Perhaps a more serious issue is that legal use of opioids can morph into addiction and illegal use. According to the National Institute on Drug Abuse, roughly 21 to 29% of patients prescribed opioids for chronic pain misuse them. Between 8 and 12% develop an opioid use disorder, and an estimated 4 to 6% who misuse prescription opioids transition to heroin. In fact, about 80% of people who use heroin first misused prescription opioids.
The use and availability of illegal opioids such as heroin and illicitly manufactured fentanyl continues to increase in the United States, according to the Drug Enforcement Administration’s 2018 National Drug Threat Assessment, published in October 2018.
Speedball dangers
“There’s also what we at Psychemedics call the ‘new cocaine,’” Kubacki says — cocaine mixed with fentanyl, a powerful opioid 100 times the potency of morphine. “That’s where this is becoming even more dangerous where you see the trucking industry having cocaine as number one. The fentanyl is a phantom killer.”
Pharmaceutical fentanyl was developed for pain management treatment of cancer patients, applied in a patch on the skin, the DEA says in a fact sheet. But “because of its powerful opioid properties, fentanyl is also diverted for abuse.” Fentanyl use can result in an intense, short-term high; temporary euphoria; slowed respiration; reduced blood pressure; nausea; fainting; seizures; and death.
It may be consumed alone or in combination with other drugs. The DEA drug assessment reports that fentanyl is increasingly being deliberately mixed with cocaine to create a “speedball,” or with cocaine and heroin for a “super speedball.”
The presence of fentanyl-contaminated cocaine is also rising, says the DEA report. “Fentanyl/cocaine mixtures often target a user-base that is typically unaware it is consuming fentanyl and thus more likely to have an adverse reaction than one who intentionally sought out the opioid,” the report notes.
The increasing number of deaths associated with fentanyl has regulators and drug-testing companies concerned, and federal officials have been evaluating whether to add fentanyl in the federal drug-testing program, according the minutes of a December 2018 meeting of the U.S. Substance Abuse and Mental Health Services Administration’s Drug Testing Advisory Board. SAMHSA is part of the Department of Health and Human Services, which is responsible for issuing drug-testing guidelines for the government.

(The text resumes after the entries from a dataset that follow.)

lemma trivial_brace_ModD:
  assumes "trivial_brace (A Mod I) (M Mod I)" and x: "x \<in> carrier A" and y: "y \<in> carrier A"
  shows "x \<otimes>\<^bsub>M\<^esub> y \<otimes>\<^bsub>A\<^esub> inv\<^bsub>A\<^esub> (x \<otimes>\<^bsub>A\<^esub> y) \<in> I"
    and "x \<otimes>\<^bsub>A\<^esub> y \<otimes>\<^bsub>A\<^esub> inv\<^bsub>A\<^esub> (y \<otimes>\<^bsub>A\<^esub> x) \<in> I"
proof -
  interpret Q: trivial_brace "A Mod I" "M Mod I" by fact
  have "proj (x \<otimes>\<^bsub>M\<^esub> y) = proj (x \<otimes>\<^bsub>A\<^esub> y)"
    using x y by (simp add: proj_mult_A proj_mult_M Q.M_mult)
  then show "x \<otimes>\<^bsub>M\<^esub> y \<otimes>\<^bsub>A\<^esub> inv\<^bsub>A\<^esub> (x \<otimes>\<^bsub>A\<^esub> y) \<in> I"
    using proj_eq_iff[of "x \<otimes>\<^bsub>M\<^esub> y" "x \<otimes>\<^bsub>A\<^esub> y"] x y by simp
  have "proj (x \<otimes>\<^bsub>A\<^esub> y) = proj (y \<otimes>\<^bsub>A\<^esub> x)"
    using x y by (simp add: proj_mult_A Q.A.m_comm)
  then show "x \<otimes>\<^bsub>A\<^esub> y \<otimes>\<^bsub>A\<^esub> inv\<^bsub>A\<^esub> (y \<otimes>\<^bsub>A\<^esub> x) \<in> I"
    using proj_eq_iff[of "x \<otimes>\<^bsub>A\<^esub> y" "y \<otimes>\<^bsub>A\<^esub> x"] x y by simp
qed

lemma trivial_brace_ModI:
  assumes K: "K \<subseteq> carrier A" and onto: "proj ` K = carrier (A Mod I)"
    and mult: "\<And>x y. x \<in> K \<Longrightarrow> y \<in> K \<Longrightarrow> x \<otimes>\<^bsub>M\<^esub> y \<otimes>\<^bsub>A\<^esub> inv\<^bsub>A\<^esub> (x \<otimes>\<^bsub>A\<^esub> y) \<in> I"
    and comm: "\<And>x y. x \<in> K \<Longrightarrow> y \<in> K \<Longrightarrow> x \<otimes>\<^bsub>A\<^esub> y \<otimes>\<^bsub>A\<^esub> inv\<^bsub>A\<^esub> (y \<otimes>\<^bsub>A\<^esub> x) \<in> I"
  shows "trivial_brace (A Mod I) (M Mod I)"
proof -
  have lift: "\<exists>x\<in>K. p = proj x" if "p \<in> carrier (A Mod I)" for p
    using that onto by (metis imageE)
  have comm_Q: "comm_group (A Mod I)"
  proof (rule group.group_comm_groupI[OF group_Mod_A])
    fix p q assume "p \<in> carrier (A Mod I)" "q \<in> carrier (A Mod I)"
    then obtain x y where xy: "x \<in> K" "y \<in> K" and pq: "p = proj x" "q = proj y"
      using lift by blast
    have xy_A: "x \<in> carrier A" "y \<in> carrier A" using xy K by auto
    have "proj (x \<otimes>\<^bsub>A\<^esub> y) = proj (y \<otimes>\<^bsub>A\<^esub> x)"
      using comm[OF xy] proj_eq_iff[of "x \<otimes>\<^bsub>A\<^esub> y" "y \<otimes>\<^bsub>A\<^esub> x"] xy_A by simp
    then show "p \<otimes>\<^bsub>A Mod I\<^esub> q = q \<otimes>\<^bsub>A Mod I\<^esub> p"
      using xy_A unfolding pq by (simp add: proj_mult_A)
  qed
  have mult_Q: "p \<otimes>\<^bsub>M Mod I\<^esub> q = p \<otimes>\<^bsub>A Mod I\<^esub> q"
    if pq_Q: "p \<in> carrier (A Mod I)" "q \<in> carrier (A Mod I)" for p q
  proof -
    obtain x y where xy: "x \<in> K" "y \<in> K" and pq: "p = proj x" "q = proj y"
      using lift pq_Q by blast
    have xy_A: "x \<in> carrier A" "y \<in> carrier A" using xy K by auto
    have "proj (x \<otimes>\<^bsub>M\<^esub> y) = proj (x \<otimes>\<^bsub>A\<^esub> y)"
      using mult[OF xy] proj_eq_iff[of "x \<otimes>\<^bsub>M\<^esub> y" "x \<otimes>\<^bsub>A\<^esub> y"] xy_A by simp
    then show ?thesis
      using xy_A unfolding pq by (simp add: proj_mult_A proj_mult_M)
  qed
  show ?thesis
    using trivial_brace.intro[OF comm_Q group_Mod_M trivial_brace_axioms.intro[OF carrier_Mod_M]]
      mult_Q by blast
qed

Wilbert Burnsworth of Connellsville, Pennsylvania, was the driver of that tri-axle dump truck who’s facing murder charges. According to published reports, he was found to have benzoylecgonine, a derivative of cocaine, as well as fentanyl and norfentanyl in his system at the time of the crash.
A witness told state police that before the crash the tri-axle, loaded with coal, passed her and two vehicles in front of her “at a high rate of speed,” crossing the double yellow line several times, at one point completely in the opposing lane of traffic.
Burnsworth was charged with three counts each of third-degree murder, aggravated assault, homicide by vehicle while DUI, aggravated assault by vehicle while DUI, homicide by vehicle, DUI, involuntary manslaughter, recklessly endangering another person and aggravated assault by vehicle, and one count of risking catastrophe.
In 1973, Jim Croce wrote the song “Speedball Tucker,” about a trucker in a broken-down rig driving “with a cupful of cold black coffee and a pocketful of West Coast turn arounds [uppers].” But today’s version of “speedball” is far more dangerous.